Important trend: Today’s youth have much less interest in driving...
(TheAtlantic)
Quotes of the week:
• Fed Chairman Ben Bernanke: “At this point we do not see a double dip recession, we see moderate growth”.
• Bernanke: U.S. needs longer-term fiscal plan now when it can borrow at low rates. Many other countries don’t have that
luxury.
• JPM’s Mary Callahan Erdoes: Buy and hold is absolutely dead.
• Bob Rubin says post fiscal cliff crisis would be much worse than 2008.
• Hank Paulson regarding the fiscal cliff: If we don’t act, there will 100% be a “very messy” crisis.
• “Your physical wallet is going to be an arcane notion in 3 yrs ...just like your physical newspaper.” EBAY CEO
• “It just seems like the whole system is corrupt. And so that has to have an effect on confidence,” he concludes. “I think this
is a real problem and it’s going to linger for a while.” Byron Wien (WSJ)
Tweets of the week:
• @PIMCO: Gross: U.S. economy approaching recession when measured by employment, retail sales, investment, and
corporate profits. (the bond guy)
• @Convertbond: Spain’s 2 Year Bond Yield 5.76% vs France 0.10% #Unsustainable
• @Bill_Gross (the tech guy): “Google has $30,000,000,000 in cash & has NO idea how to invest it effectively, prefers getting
0% interest from Bernanke” Peter Thiel
• @ErinBurnett: The math: @mittromney paid 31% in charity and taxes in ‘10 and ‘11. More than @BarackObama proposes as
a minimum for the wealthy.
• @mmckinnon: I’m more confident than I’ve been in five years in the senate that we will solve our fiscal issues in the next
year. Sen Corker #NoLabels
• @SHAQ: Did dream team 1 thru 3 ever get behind in an exhibition or Olympic game. I can’t remember I’m too old
Front page of the Houston Rockets Chinese website.
(Did the N.Y. Knicks ever have a Chinese website?)
Meanwhile, back in politics, ‘Who built it?’
via Fiction...
“He didn’t invent iron ore and blast furnaces, did he?”
“Who?”
“Rearden.

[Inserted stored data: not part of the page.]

definition magic :: "nat \<Rightarrow> ('n::finite \<Rightarrow> complex fls) \<Rightarrow> 'n \<Rightarrow> 'n \<Rightarrow> complex fls" where
  "magic d a i j = (if i = j then (\<Sum>k\<in>UNIV - {i}. qmag d a i k) else - qmag d a i j)"

definition valmat :: "nat \<Rightarrow> ('n::finite \<Rightarrow> complex fls) \<Rightarrow> 'n \<Rightarrow> 'n \<Rightarrow> rat" where
  "valmat d a i j = (if i = j then (\<Sum>k\<in>UNIV - {i}. pval d (a i - a k)) else - pval d (a i - a j))"

definition mvec :: "('n::finite \<Rightarrow> 'n \<Rightarrow> 'a::comm_semiring_0) \<Rightarrow> ('n \<Rightarrow> 'a) \<Rightarrow> 'n \<Rightarrow> 'a" where
  "mvec M v = (\<lambda>i. \<Sum>j\<in>UNIV. M i j * v j)"

definition Fbar :: "('n::finite \<Rightarrow> complex fls) set" where
  "Fbar = {w. (\<Sum>i\<in>UNIV. w i) = 0}"

definition Fc :: "('n::finite \<Rightarrow> complex) set" where
  "Fc = {W. (\<Sum>i\<in>UNIV. W i) = 0}"

definition val_ge :: "nat \<Rightarrow> rat \<Rightarrow> ('n \<Rightarrow> complex fls) \<Rightarrow> bool" where
  "val_ge d r w \<longleftrightarrow> (\<forall>i k. of_int k / of_nat d < r \<longrightarrow> fls_nth (w i) k = 0)"

definition initial :: "nat \<Rightarrow> rat \<Rightarrow> ('n \<Rightarrow> complex fls) \<Rightarrow> 'n \<Rightarrow> complex" where
  "initial d r w i = (if r * of_nat d \<in> \<int> then fls_nth (w i) \<lfloor>r * of_nat d\<rfloor> else 0)"

end

theory Submission
  imports Defs "HOL-Analysis.Cartesian_Space" "HOL-Library.Function_Algebras"
begin

text \<open>Every entry of the magic matrix has valuation at least \<open>-1\<close>, and its coefficient of
 \<open>x\<^sup>-\<^sup>1\<close> is the corresponding entry of \<open>A\<close>; so \<open>\<A> = x\<^sup>-\<^sup>1 A + (higher order terms)\<close>.
 The matrix \<open>A\<close> is a graph Laplacian with positive weights \<open>m\<^sub>i\<^sub>,\<^sub>j\<close>, hence injective on
 \<open>F\<close> by the maximum principle. Consequently, if \<open>w \<in> \<F>\<close> has lowest order \<open>s\<close>, the coefficient
 of \<open>x\<^sup>s\<^sup>-\<^sup>1\<close> in \<open>\<A> w\<close> is \<open>A\<close> applied to the nonzero lowest coefficient vector of \<open>w\<close>, which
 lies in \<open>F\<close>; so \<open>\<A>\<close> lowers the valuation on \<open>\<F>\<close> by exactly one. This gives injectivity,
 surjectivity follows by finite dimension (the columns of \<open>\<A>\<close> sum to zero), and reading
 the statement backwards gives the graded description of the inverse.\<close>

lemma fls_times_nth_below:
  fixes f g :: "'a::{comm_monoid_add,mult_zero} fls"
  assumes f: "\<forall>k<p. fls_nth f k = 0" and g: "\<forall>k<s. fls_nth g k = 0"
  shows "\<forall>k<p+s. fls_nth (f * g) k = 0" and "fls_nth (f * g) (p + s) = fls_nth f p * fls_nth g s"
proof -
  have "(\<forall>k<p+s. fls_nth (f * g) k = 0) \<and> fls_nth (f * g) (p + s) = fls_nth f p * fls_nth g s"
  proof (cases "f = 0 \<or> g = 0")
    case False
    then have df: "p \<le> fls_subdegree f" and dg: "s \<le> fls_subdegree g"
      using fls_subdegree_geI f g by auto
    have "fls_nth (f * g) (p + s) = fls_nth f p * fls_nth g s"
    proof (cases "p = fls_subdegree f \<and> s = fls_subdegree g")
      case True
      then show ?thesis by simp
    next
      case False
      then show ?thesis using df dg by (auto intro!: fls_times_nth_eq0)
    qed
    with df dg show ?thesis by (auto intro: fls_times_nth_eq0)
  qed auto
  then show "\<forall>k<p+s. fls_nth (f * g) k = 0"
    and "fls_nth (f * g) (p + s) = fls_nth f p * fls_nth g s" by auto
qed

He didn’t invent smelting and chemistry and air compression. He couldn’t have invented his Metal but for thousands and
thousands of other people. His Metal! Why does he think it’s his? Why does he think it’s his invention? Everybody uses the work of
everybody else. Nobody ever invents anything.”
She said, puzzled, “But the iron ore and all those other things were there all the time. Why didn’t anybody else make that Metal, but
Mr. Rearden did?” (Atlas Shrugged, P1C9)
via Twitter...
@CoryBooker: “Life isn’t about finding yourself. Life is about creating yourself” George Bernard Shaw
via Non-Fiction...
“The world runs on individuals pursuing their separate interests. The great achievements of civilization have not come from
government bureaus. Einstein didn’t construct his theory under order from a bureaucrat. Henry Ford didn’t revolutionize the
automobile industry that way. In the only cases in which the masses have escaped from the kind of grinding poverty you’re talking
about, the only cases in recorded history are where they have had capitalism and largely free trade...
If you want to know where the masses are worst off, it’s exactly in the kinds of societies that depart from that. So that the record of
history is absolutely crystal clear, that there is no alternative way so far discovered of improving the lot of the ordinary people that
can hold a candle to the productive activities that are unleashed by the free-enterprise system.” (Milton Friedman, 1979) (MJPerry)
And congrats to our own Matt Florence and the U.S. Men’s Lacrosse U-19 team for their Gold medal win over Canada
in Finland on Saturday. (BaltimoreSun)
Our thoughts and prayers go out to those in our community affected by the tragedy in Aurora.